When we sitting in front of those people, we really have to sell ourselves hard. Hope that they can hire me since I really have nothing; no experience, no flying color's results, no good looking face, actually we are nothing. Some of the interviewer asking damn so tough questions, fuck off man. I really don't know because my god damn university never teaches us! Damn university!

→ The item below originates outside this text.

(* For every set $\Gamma\cup\{\varphi\}$ of formulas over $\Sigma^\circ$: if $\Gamma\vDash^{\mathsf{RN}}_{\mathcal{M}_{\bf mbCcl}}\varphi$ then $\Gamma\vdash_{\bf mbCcl}\varphi$.
   Context: $\Sigma^\circ$ has unary $\neg,\circ$ and binary $\wedge,\vee,\to$. ${\bf mbCcl}$ is the Hilbert calculus with Modus Ponens as only rule and axiom schemata: $\alpha\to(\beta\to\alpha)$; $(\alpha\to(\beta\to\gamma))\to((\alpha\to\beta)\to(\alpha\to\gamma))$; $\alpha\to(\beta\to(\alpha\wedge\beta))$; $(\alpha\wedge\beta)\to\alpha$; $(\alpha\wedge\beta)\to\beta$; $\alpha\to(\alpha\vee\beta)$; $\beta\to(\alpha\vee\beta)$; $(\alpha\to\gamma)\to((\beta\to\gamma)\to((\alpha\vee\beta)\to\gamma))$; $\alpha\vee\neg\alpha$; $\alpha\vee(\alpha\to\beta)$; $\circ\alpha\to(\alpha\to(\neg\alpha\to\beta))$; $\neg(\alpha\wedge\neg\alpha)\to\circ\alpha$. $\mathcal{A}_{\bf mbCcl}$ is the $\Sigma^\circ$-multialgebra with universe $\{F,t,T\}$, $D=\{t,T\}$, $U=\{F\}$: $x\tilde\vee y=U$ if $x=y=F$, else $D$; $x\tilde\wedge y=U$ if $F\in\{x,y\}$, else $D$; $\tilde\neg F=\tilde\neg t=D$, $\tilde\neg T=U$; $F\tilde\to y=D$, $x\tilde\to F=U$ for $x\in\{t,T\}$, $x\tilde\to y=D$ for $x,y\in\{t,T\}$; $\tilde\circ F=\tilde\circ T=D$, $\tilde\circ t=U$. A valuation is a map $\nu$ with $\nu(\#\alpha)\in\tilde\#\nu(\alpha)$ and $\nu(\alpha\#\beta)\in\nu(\alpha)\tilde\#\nu(\beta)$. $\mathcal{F}_{\bf mbCcl}$ is the set of valuations with $\nu(\alpha)=t\Rightarrow\nu(\alpha\wedge\neg\alpha)=T$ for all $\alpha$. $\Gamma\vDash^{\mathsf{RN}}_{\mathcal{M}_{\bf mbCcl}}\varphi$ iff every $\nu\in\mathcal{F}_{\bf mbCcl}$ with $\nu[\Gamma]\subseteq D$ has $\nu(\varphi)\in D$. *)

theory Defs
  imports Main
begin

Until no, I not yet have a good job to hang on. Still jobless... I just want a job to survive... Maybe I should go to China since my second interview will going to China if I agree to accept it but I turn down them cause my family don't wish to go so far at least now... Do i regret now? Yes, I think yes. What should I do now? Maybe I should find some books like below: Job hunting for DUMMIES. So am I dumb head? I also don't know...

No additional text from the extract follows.